What you need to do: Quote exactly and only this range of lines in the data below: the line that holds "then show ?thesis by (metis" to the line that holds "r_bounds(1) by simp", both included.

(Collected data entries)

--------------------

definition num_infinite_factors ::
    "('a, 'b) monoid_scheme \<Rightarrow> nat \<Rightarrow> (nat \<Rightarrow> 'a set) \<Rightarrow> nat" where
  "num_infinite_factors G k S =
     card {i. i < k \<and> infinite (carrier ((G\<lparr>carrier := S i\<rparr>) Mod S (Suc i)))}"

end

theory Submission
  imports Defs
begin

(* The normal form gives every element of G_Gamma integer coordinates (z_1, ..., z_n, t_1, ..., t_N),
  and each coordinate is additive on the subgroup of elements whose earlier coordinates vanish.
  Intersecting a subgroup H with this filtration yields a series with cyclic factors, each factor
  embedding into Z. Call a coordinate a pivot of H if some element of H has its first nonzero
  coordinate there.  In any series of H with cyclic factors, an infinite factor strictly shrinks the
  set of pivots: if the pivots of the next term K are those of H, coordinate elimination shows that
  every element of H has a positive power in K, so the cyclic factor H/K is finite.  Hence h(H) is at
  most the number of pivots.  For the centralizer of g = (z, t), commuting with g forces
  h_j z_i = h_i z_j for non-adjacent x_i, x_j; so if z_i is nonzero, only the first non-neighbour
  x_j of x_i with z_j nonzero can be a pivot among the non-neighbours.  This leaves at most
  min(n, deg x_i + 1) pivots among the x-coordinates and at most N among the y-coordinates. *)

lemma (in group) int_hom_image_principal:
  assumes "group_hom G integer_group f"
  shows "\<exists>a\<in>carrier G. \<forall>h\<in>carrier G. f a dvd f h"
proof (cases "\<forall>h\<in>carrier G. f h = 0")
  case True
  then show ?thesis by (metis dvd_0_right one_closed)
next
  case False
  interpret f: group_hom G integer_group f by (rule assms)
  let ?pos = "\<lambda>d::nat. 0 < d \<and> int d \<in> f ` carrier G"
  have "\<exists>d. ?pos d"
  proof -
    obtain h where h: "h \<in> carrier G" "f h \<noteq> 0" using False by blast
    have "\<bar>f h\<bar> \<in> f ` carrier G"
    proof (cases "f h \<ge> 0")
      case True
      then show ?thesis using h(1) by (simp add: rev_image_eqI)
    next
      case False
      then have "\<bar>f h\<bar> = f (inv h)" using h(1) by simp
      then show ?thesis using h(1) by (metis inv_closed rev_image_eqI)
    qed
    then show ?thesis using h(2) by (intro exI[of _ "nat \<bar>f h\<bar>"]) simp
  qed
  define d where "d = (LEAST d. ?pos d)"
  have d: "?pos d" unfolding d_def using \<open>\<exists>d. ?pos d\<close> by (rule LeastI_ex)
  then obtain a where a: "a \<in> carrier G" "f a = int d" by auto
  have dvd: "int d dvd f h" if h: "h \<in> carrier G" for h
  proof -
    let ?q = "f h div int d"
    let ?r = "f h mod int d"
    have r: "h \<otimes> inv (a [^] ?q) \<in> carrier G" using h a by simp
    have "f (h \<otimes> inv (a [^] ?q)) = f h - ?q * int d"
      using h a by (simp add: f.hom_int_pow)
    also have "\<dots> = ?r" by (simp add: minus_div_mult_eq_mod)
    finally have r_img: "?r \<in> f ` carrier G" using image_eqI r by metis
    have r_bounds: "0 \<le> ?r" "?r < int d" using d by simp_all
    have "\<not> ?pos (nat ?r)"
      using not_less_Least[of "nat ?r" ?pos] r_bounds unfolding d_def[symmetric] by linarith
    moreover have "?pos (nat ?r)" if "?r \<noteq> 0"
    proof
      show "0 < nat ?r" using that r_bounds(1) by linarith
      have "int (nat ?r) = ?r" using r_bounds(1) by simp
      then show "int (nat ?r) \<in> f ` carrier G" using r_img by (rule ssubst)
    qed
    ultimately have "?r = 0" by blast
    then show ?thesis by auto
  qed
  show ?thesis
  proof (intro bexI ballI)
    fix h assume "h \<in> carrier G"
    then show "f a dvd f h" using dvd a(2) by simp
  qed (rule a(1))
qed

--------------------

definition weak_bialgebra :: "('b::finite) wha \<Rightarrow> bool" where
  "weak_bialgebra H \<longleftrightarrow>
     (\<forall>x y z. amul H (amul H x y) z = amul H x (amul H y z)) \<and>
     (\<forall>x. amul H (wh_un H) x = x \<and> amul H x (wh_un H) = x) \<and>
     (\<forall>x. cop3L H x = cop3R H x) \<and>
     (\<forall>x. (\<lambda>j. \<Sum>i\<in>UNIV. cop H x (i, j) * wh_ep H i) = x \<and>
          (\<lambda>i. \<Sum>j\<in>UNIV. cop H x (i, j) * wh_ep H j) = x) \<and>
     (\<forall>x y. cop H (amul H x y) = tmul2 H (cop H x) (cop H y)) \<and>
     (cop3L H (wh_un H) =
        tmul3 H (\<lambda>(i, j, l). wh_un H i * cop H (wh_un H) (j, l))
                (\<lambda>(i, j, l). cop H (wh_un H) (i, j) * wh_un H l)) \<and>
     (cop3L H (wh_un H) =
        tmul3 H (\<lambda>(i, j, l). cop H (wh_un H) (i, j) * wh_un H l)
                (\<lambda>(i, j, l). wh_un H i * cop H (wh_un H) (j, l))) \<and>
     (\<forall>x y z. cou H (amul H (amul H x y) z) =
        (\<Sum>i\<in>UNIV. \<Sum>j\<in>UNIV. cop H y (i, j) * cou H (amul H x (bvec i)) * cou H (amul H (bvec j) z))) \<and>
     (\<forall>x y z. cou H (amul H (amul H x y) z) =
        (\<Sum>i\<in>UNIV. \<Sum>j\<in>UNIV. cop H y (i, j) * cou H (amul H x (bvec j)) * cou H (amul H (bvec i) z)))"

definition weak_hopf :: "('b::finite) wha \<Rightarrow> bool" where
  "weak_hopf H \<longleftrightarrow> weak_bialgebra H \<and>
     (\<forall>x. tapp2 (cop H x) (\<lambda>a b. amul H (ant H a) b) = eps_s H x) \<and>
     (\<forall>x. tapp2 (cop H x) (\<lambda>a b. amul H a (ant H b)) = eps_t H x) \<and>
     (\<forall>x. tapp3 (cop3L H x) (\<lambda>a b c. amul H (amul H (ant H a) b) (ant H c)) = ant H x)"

--------------------

Exercise solution:
  then show ?thesis by (metis dvd_0_right one_closed)
next
  case False
  interpret f: group_hom G integer_group f by (rule assms)
  let ?pos = "\<lambda>d::nat. 0 < d \<and> int d \<in> f ` carrier G"
  have "\<exists>d. ?pos d"
  proof -
    obtain h where h: "h \<in> carrier G" "f h \<noteq> 0" using False by blast
    have "\<bar>f h\<bar> \<in> f ` carrier G"
    proof (cases "f h \<ge> 0")
      case True
      then show ?thesis using h(1) by (simp add: rev_image_eqI)
    next
      case False
      then have "\<bar>f h\<bar> = f (inv h)" using h(1) by simp
      then show ?thesis using h(1) by (metis inv_closed rev_image_eqI)
    qed
    then show ?thesis using h(2) by (intro exI[of _ "nat \<bar>f h\<bar>"]) simp
  qed
  define d where "d = (LEAST d. ?pos d)"
  have d: "?pos d" unfolding d_def using \<open>\<exists>d. ?pos d\<close> by (rule LeastI_ex)
  then obtain a where a: "a \<in> carrier G" "f a = int d" by auto
  have dvd: "int d dvd f h" if h: "h \<in> carrier G" for h
  proof -
    let ?q = "f h div int d"
    let ?r = "f h mod int d"
    have r: "h \<otimes> inv (a [^] ?q) \<in> carrier G" using h a by simp
    have "f (h \<otimes> inv (a [^] ?q)) = f h - ?q * int d"
      using h a by (simp add: f.hom_int_pow)
    also have "\<dots> = ?r" by (simp add: minus_div_mult_eq_mod)
    finally have r_img: "?r \<in> f ` carrier G" using image_eqI r by metis
    have r_bounds: "0 \<le> ?r" "?r < int d" using d by simp_all
    have "\<not> ?pos (nat ?r)"
      using not_less_Least[of "nat ?r" ?pos] r_bounds unfolding d_def[symmetric] by linarith
    moreover have "?pos (nat ?r)" if "?r \<noteq> 0"
    proof
      show "0 < nat ?r" using that r_bounds(1) by linarith
      have "int (nat ?r) = ?r" using r_bounds(1) by simp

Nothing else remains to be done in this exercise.